In original TCP/IP protocol hosts would send their packets into the as
fast as the receiver's advertised window would allow. This was to control
the flow between the end hosts, but this often resulted in congestion at
some router resulting in packets being dropped. The hosts would then
retransmit the dropped packets resulting in more congestion and very low
throughput. This analysis motivated the author of this paper to come up
with new algorithms for congestion control. These algorithms are used even
in the present TCP/IP and are well known as "Additive
Increase/Multiplicative Decrease" and "Slow Start".
I will not describe the algorithms here as they are well known aspects of
TCP congestion control, rather would like to discuss some of the
interesting results and ideas. I liked the analogy which the author uses
between the physics of flow and network packets. It is very interesting
to know that the motivation came from the well studied phenomenon of
'equilibrium' in physics. The author suggests using ACKs to pace the
transmission of packets, this makes TCP 'self clocking' and also ensures
that the data will be injected into the network at most at twice the
maximum possible rate available on the path. The idea to use an adaptive
beta (for RTT variation) was good, as it improves performance over varied
load conditions. The intuitive values for the constants d(0.5) and u(1)
have proved to be long lasting and are still in use today. It gains
further importance as the internet applications have completely changed
over these 15 years but these values still do the trick.

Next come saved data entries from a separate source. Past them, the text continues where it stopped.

text \<open>Sierpinski's theorem: if the union of the greedy chain fell short of \<open>t\<close>, a small subset
  of the remainder would force every increment of the chain to be at least half its measure.\<close>

lemma atomless_exists_subset_measure:
  assumes "atomless M" "A \<in> sets M" "0 \<le> t" "t \<le> measure M A"
  obtains B where "B \<in> sets M" "B \<subseteq> A" "measure M B = t"
proof -
  obtain C where C: "\<And>n. C n \<in> sets M" "\<And>n. C n \<subseteq> A" "\<And>n. measure M (C n) \<le> t" "incseq C"
    and greedy: "\<And>n E. E \<in> sets M \<Longrightarrow> E \<subseteq> A - C n \<Longrightarrow> measure M (C n) + measure M E \<le> t \<Longrightarrow>
      measure M E \<le> 2 * (measure M (C (Suc n)) - measure M (C n))"
    using exists_greedy_chain[OF assms(2,3)] by blast
  define B where "B = (\<Union>n. C n)"
  have B: "B \<in> sets M" "B \<subseteq> A" using C by (auto simp: B_def)
  have "(\<lambda>n. measure M (C n)) \<longlonglongrightarrow> measure M B"
    unfolding B_def using C by (intro finite_Lim_measure_incseq) auto
  then have "measure M B \<le> t" by (rule LIMSEQ_le_const2) (use C in auto)
  moreover have "\<not> measure M B < t"
  proof
    assume "measure M B < t"
    moreover have "measure M (A - B) = measure M A - measure M B"
      using assms(2) B by (simp add: finite_measure_Diff)
    ultimately obtain E where E: "E \<in> sets M" "E \<subseteq> A - B" "0 < measure M E" "measure M E < t - measure M B"
      using atomless_exists_small_subset[OF assms(1), of "A - B" "t - measure M B"] assms B by auto
    have increment: "measure M E \<le> 2 * (measure M (C (Suc n)) - measure M (C n))" for n
    proof (rule greedy)
      have "C n \<subseteq> B" by (auto simp: B_def)
      then show "E \<subseteq> A - C n" using E(2) by blast
      have "measure M (C n) \<le> measure M B" using \<open>C n \<subseteq> B\<close> B(1) by (rule finite_measure_mono)
      then show "measure M (C n) + measure M E \<le> t" using E(4) by linarith
    qed (rule E(1))
    have "real n * (measure M E / 2) \<le> measure M (C n)" for n
    proof (induction n)
      case (Suc n)
      then show ?case using increment[of n] by (simp add: algebra_simps)
    qed simp
    moreover obtain n where "measure M (space M) < real n * (measure M E / 2)"
      using reals_Archimedean3[of "measure M E / 2"] E by (meson half_gt_zero)
    ultimately show False using bounded_measure[of "C n"] by (meson leD order.trans)
  qed
  ultimately show thesis using that[OF B] by linarith
qed

lemma atomless_exists_measure_between:
  assumes "atomless M" "L \<in> sets M" "U \<in> sets M" "L \<subseteq> U" "measure M L \<le> t" "t \<le> measure M U"
  obtains B where "B \<in> sets M" "L \<subseteq> B" "B \<subseteq> U" "measure M B = t"
proof -
  have "measure M (U - L) = measure M U - measure M L"
    using assms by (simp add: finite_measure_Diff)
  then obtain D where D: "D \<in> sets M" "D \<subseteq> U - L" "measure M D = t - measure M L"
    using atomless_exists_subset_measure[OF assms(1), of "U - L" "t - measure M L"] assms by auto
  have "measure M (L \<union> D) = measure M L + measure M D"
    using assms D by (intro finite_measure_Union) auto
  then show thesis using that[of "L \<union> D"] assms D by auto
qed

end

section \<open>Distribution and quantile functions\<close>

lemma borel_measurable_Bb: "X \<in> Bb M \<Longrightarrow> X \<in> borel_measurable M"
  by (simp add: Bb_def)

lemma Bb_boundedE:
  assumes "X \<in> Bb M"
  obtains c where "\<And>\<omega>. \<omega> \<in> space M \<Longrightarrow> \<bar>X \<omega>\<bar> \<le> c"
  using assms unfolding Bb_def bounded_real by blast

text \<open>The right-continuous quantile function. It is only meaningful for \<open>0 \<le> u < 1\<close>:
  otherwise the infimum is taken over an empty or unbounded set.\<close>

definition quantile :: "'a measure \<Rightarrow> ('a \<Rightarrow> real) \<Rightarrow> real \<Rightarrow> real" where
  "quantile M X u = Inf {y. u < distr_fun M X y}"

context prob_space
begin

lemma distr_fun_eq_cdf:
  assumes "X \<in> borel_measurable M"
  shows "distr_fun M X = cdf (distr M borel X)"
  using assms by (auto simp: fun_eq_iff distr_fun_def cdf_def measure_distr vimage_def Int_def conj_commute)

lemma distr_fun_mono:
  assumes "X \<in> borel_measurable M" "y \<le> z"
  shows "distr_fun M X y \<le> distr_fun M X z"
proof -
  interpret D: real_distribution "distr M borel X" using assms(1) by simp
  show ?thesis using assms D.cdf_nondecreasing by (simp add: distr_fun_eq_cdf)
qed

lemma distr_fun_le_1: "distr_fun M X y \<le> 1"
  by (simp add: distr_fun_def)

lemma measure_less_le_if_distr_fun_le:
  assumes "X \<in> borel_measurable M" "\<And>y. y < z \<Longrightarrow> distr_fun M X y \<le> u"
  shows "measure M {\<omega>\<in>space M. X \<omega> < z} \<le> u"
proof -
  interpret D: real_distribution "distr M borel X" using assms(1) by simp
  have "measure M {\<omega>\<in>space M. X \<omega> < z} = measure (distr M borel X) {..<z}"
    using assms(1) by (simp add: measure_distr vimage_def Int_def conj_commute)
  moreover have "(cdf (distr M borel X) \<longlongrightarrow> measure (distr M borel X) {..<z}) (at_left z)"
    by (rule D.cdf_at_left)
  moreover have "eventually (\<lambda>y. cdf (distr M borel X) y \<le> u) (at_left z)"
    using assms by (auto simp: eventually_at_left_field distr_fun_eq_cdf intro: exI[of _ "z - 1"])
  ultimately show ?thesis by (simp add: tendsto_upperbound)
qed

lemma distr_fun_eq_1_if_bound_le:
  assumes "\<And>\<omega>. \<omega> \<in> space M \<Longrightarrow> \<bar>X \<omega>\<bar> \<le> c" "c \<le> y"
  shows "distr_fun M X y = 1"
proof -
  have "{\<omega>\<in>space M. X \<omega> \<le> y} = space M" using assms by force
  then show ?thesis by (simp add: distr_fun_def prob_space)
qed

lemma distr_fun_eq_0_if_less_bound:
  assumes "\<And>\<omega>. \<omega> \<in> space M \<Longrightarrow> \<bar>X \<omega>\<bar> \<le> c" "y < - c"
  shows "distr_fun M X y = 0"
proof -
  have "{\<omega>\<in>space M. X \<omega> \<le> y} = {}" using assms by force
  then show ?thesis unfolding distr_fun_def by (metis measure_empty)
qed

context
  fixes X assumes X: "X \<in> Bb M"
begin

lemma quantile_bounds:
  assumes "\<And>\<omega>. \<omega> \<in> space M \<Longrightarrow> \<bar>X \<omega>\<bar> \<le> c" "0 \<le> u" "u < 1"
  shows "{y. u < distr_fun M X y} \<noteq> {}" "bdd_below {y. u < distr_fun M X y}"
    and "- c \<le> quantile M X u" "quantile M X u \<le> c"
proof -
  have lower: "- c \<le> y" if "u < distr_fun M X y" for y
    using that assms distr_fun_eq_0_if_less_bound[OF assms(1), where y = y] by force
  have "c \<in> {y. u < distr_fun M X y}"
    using assms distr_fun_eq_1_if_bound_le[OF assms(1)] by simp
  then show ne: "{y. u < distr_fun M X y} \<noteq> {}" by blast
  show bdd: "bdd_below {y. u < distr_fun M X y}"
    using lower by (intro bdd_belowI) blast
  show "- c \<le> quantile M X u"
    unfolding quantile_def using lower by (intro cInf_greatest[OF ne]) blast
  show "quantile M X u \<le> c"
    unfolding quantile_def by (rule cInf_lower[OF \<open>c \<in> _\<close> bdd])
qed

lemma quantile_le:
  assumes "0 \<le> u" "u < distr_fun M X y"
  shows "quantile M X u \<le> y"
proof -
  obtain c where c: "\<And>\<omega>. \<omega> \<in> space M \<Longrightarrow> \<bar>X \<omega>\<bar> \<le> c" using Bb_boundedE[OF X] by blast
  have "u < 1" using assms distr_fun_le_1[of X y] by linarith
  then show ?thesis
    unfolding quantile_def using assms quantile_bounds(2)[OF c] by (intro cInf_lower) auto
qed

lemma le_quantileI:
  assumes "0 \<le> u" "u < 1" "\<And>y. u < distr_fun M X y \<Longrightarrow> a \<le> y"
  shows "a \<le> quantile M X u"
proof -
  obtain c where c: "\<And>\<omega>. \<omega> \<in> space M \<Longrightarrow> \<bar>X \<omega>\<bar> \<le> c" using Bb_boundedE[OF X] by blast
  show ?thesis
    unfolding quantile_def using assms quantile_bounds(1)[OF c] by (intro cInf_greatest) auto
qed

lemma le_distr_fun_quantile:
  assumes "0 \<le> u" "u < 1"
  shows "u \<le> distr_fun M X (quantile M X u)"
proof -
  obtain c where c: "\<And>\<omega>. \<omega> \<in> space M \<Longrightarrow> \<bar>X \<omega>\<bar> \<le> c" using Bb_boundedE[OF X] by blast
  interpret D: real_distribution "distr M borel X" using borel_measurable_Bb[OF X] by simp
  let ?S = "{y. u < distr_fun M X y}"
  have "distr_fun M X (Inf ?S) = Inf (distr_fun M X ` ?S)"
    unfolding distr_fun_eq_cdf[OF borel_measurable_Bb[OF X]]
    using quantile_bounds[OF c assms] distr_fun_eq_cdf[OF borel_measurable_Bb[OF X]]
    by (intro continuous_at_Inf_mono D.cdf_is_right_cont monoI D.cdf_nondecreasing) auto
  also have "u \<le> Inf (distr_fun M X ` ?S)"
    using quantile_bounds[OF c assms] by (intro cInf_greatest) auto
  finally show ?thesis unfolding quantile_def by simp
qed

lemma measure_less_quantile:
  assumes "0 \<le> u" "u < 1"
  shows "measure M {\<omega>\<in>space M. X \<omega> < quantile M X u} \<le> u"
  using borel_measurable_Bb[OF X]
proof (rule measure_less_le_if_distr_fun_le)
  show "distr_fun M X y \<le> u" if "y < quantile M X u" for y
    using quantile_le[of u y] assms that by linarith
qed

lemma quantile_mono: "mono_on {0..<1} (quantile M X)"
proof (rule mono_onI)
  fix u v :: real assume "u \<in> {0..<1}" "v \<in> {0..<1}" "u \<le> v"
  moreover obtain c where c: "\<And>\<omega>. \<omega> \<in> space M \<Longrightarrow> \<bar>X \<omega>\<bar> \<le> c" using Bb_boundedE[OF X] by blast
  ultimately show "quantile M X u \<le> quantile M X v"
    unfolding quantile_def using quantile_bounds(1,2)[OF c] by (intro cInf_superset_mono) auto
qed

end

lemma distr_fun_le_if_le:
  assumes "X \<in> borel_measurable M" "\<And>\<omega>. \<omega> \<in> space M \<Longrightarrow> X \<omega> \<le> X' \<omega>"
  shows "distr_fun M X' z \<le> distr_fun M X z"
  unfolding distr_fun_def using assms by (intro finite_measure_mono) force+

lemma borel_measurable_quantile_transform:
  assumes Z: "Z \<in> Bb M" and U: "U \<in> borel_measurable M" "\<And>\<omega>. \<omega> \<in> space M \<Longrightarrow> 0 \<le> U \<omega>"
    and V: "V \<in> borel_measurable M"
  shows "(\<lambda>\<omega>. if U \<omega> < 1 then quantile M Z (U \<omega>) else V \<omega>) \<in> borel_measurable M"
proof -
  have "U \<in> measurable (restrict_space M {\<omega>. U \<omega> < 1}) (restrict_space borel {0..<1})"
    using U by (intro measurable_restrict_space1 measurable_restrict_space2) (auto simp: space_restrict_space)
  moreover have "quantile M Z \<in> borel_measurable (restrict_space borel {0..<1})"
    by (rule borel_measurable_mono_on_fnc[OF quantile_mono[OF Z]])
  ultimately have "(\<lambda>\<omega>. quantile M Z (U \<omega>)) \<in> borel_measurable (restrict_space M {\<omega>. U \<omega> < 1})"
    by (rule measurable_compose)
  moreover have "{\<omega>\<in>space M. U \<omega> < 1} \<in> sets M" using U by measurable
  ultimately show ?thesis
    using V by (subst measurable_If_restrict_space_iff) (auto intro: measurable_restrict_space1)
qed

lemma distr_fun_quantile_transform:
  assumes Z: "Z \<in> Bb M" and U: "U \<in> borel_measurable M" and V: "V \<in> borel_measurable M"
    and U_less: "\<And>c. 0 \<le> c \<Longrightarrow> c \<le> 1 \<Longrightarrow> measure M {\<omega>\<in>space M. U \<omega> < c} = c"
    and U_le: "\<And>c. 0 \<le> c \<Longrightarrow> c \<le> 1 \<Longrightarrow> measure M {\<omega>\<in>space M. U \<omega> \<le> c} = c"
    and V_eq: "\<And>\<omega>. \<omega> \<in> space M \<Longrightarrow> U \<omega> < 1 \<Longrightarrow> V \<omega> = quantile M Z (U \<omega>)"
  shows "distr_fun M V = distr_fun M Z"
proof
  fix z
  let ?G = "distr_fun M Z z"
  have G: "0 \<le> ?G" "?G \<le> 1" by (simp_all add: distr_fun_def)
  have "AE \<omega> in M. \<omega> \<in> {\<omega>\<in>space M. U \<omega> < 1}"
    using U_less[of 1] by (intro AE_prob_1) simp
  moreover have "AE \<omega> in M. \<omega> \<notin> {\<omega>\<in>space M. U \<omega> < 0}"
    using U_less[of 0] U by (subst prob_eq_0[symmetric]) simp_all
  ultimately have AE_V: "AE \<omega> in M. 0 \<le> U \<omega> \<and> U \<omega> < 1 \<and> V \<omega> = quantile M Z (U \<omega>)"
    by eventually_elim (use V_eq in auto)
  have "AE \<omega> in M. U \<omega> < ?G \<longrightarrow> V \<omega> \<le> z"
    using AE_V by eventually_elim (auto intro: quantile_le[OF Z])
  then have "measure M {\<omega>\<in>space M. U \<omega> < ?G} \<le> distr_fun M V z"
    unfolding distr_fun_def using V by (intro finite_measure_mono_AE) auto
  moreover have "AE \<omega> in M. V \<omega> \<le> z \<longrightarrow> U \<omega> \<le> ?G"
    using AE_V
  proof eventually_elim
    case (elim \<omega>)
    show ?case
    proof
      assume "V \<omega> \<le> z"
      have "U \<omega> \<le> distr_fun M Z (quantile M Z (U \<omega>))"
        using elim by (intro le_distr_fun_quantile[OF Z]) auto
      also have "\<dots> \<le> ?G"
        using elim \<open>V \<omega> \<le> z\<close> borel_measurable_Bb[OF Z] by (intro distr_fun_mono) auto
      finally show "U \<omega> \<le> ?G" .
    qed
  qed
  then have "distr_fun M V z \<le> measure M {\<omega>\<in>space M. U \<omega> \<le> ?G}"
    unfolding distr_fun_def using U by (intro finite_measure_mono_AE) auto
  ultimately show "distr_fun M V z = ?G"
    using U_less[OF G] U_le[OF G] by linarith
qed

end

The author bases most of his arguments (values of d and u, exponential
backoff etc) on intuition or analogies from other fields such as physics,
linear system theory etc. Though this is a nice idea, more rigorous
justifications would be welcome. A packet loss forces the system to go
back into slow start phase, this may result in unnecessary delays when the
packet may have been dropped though the network is not congested. The Fast
Recovery algorithm proposed later on takes care of this. Another algorithm
proposed later was Fast Retransmit. In this the source does not wait for a
packet to timeout to realize that it has been lost. Rather, it uses a
duplicate ACK mechanism to retransmit the packet again. This makes the
retransmissions faster. The paper also does not address the issue of fair
distribution of resources. A malicious user may want to blast the network
with his own packets, other users will then detect a congestion and then
reduce their windows. This user will then use the increased bandwidth for
his own use and may ultimately drive out the other users.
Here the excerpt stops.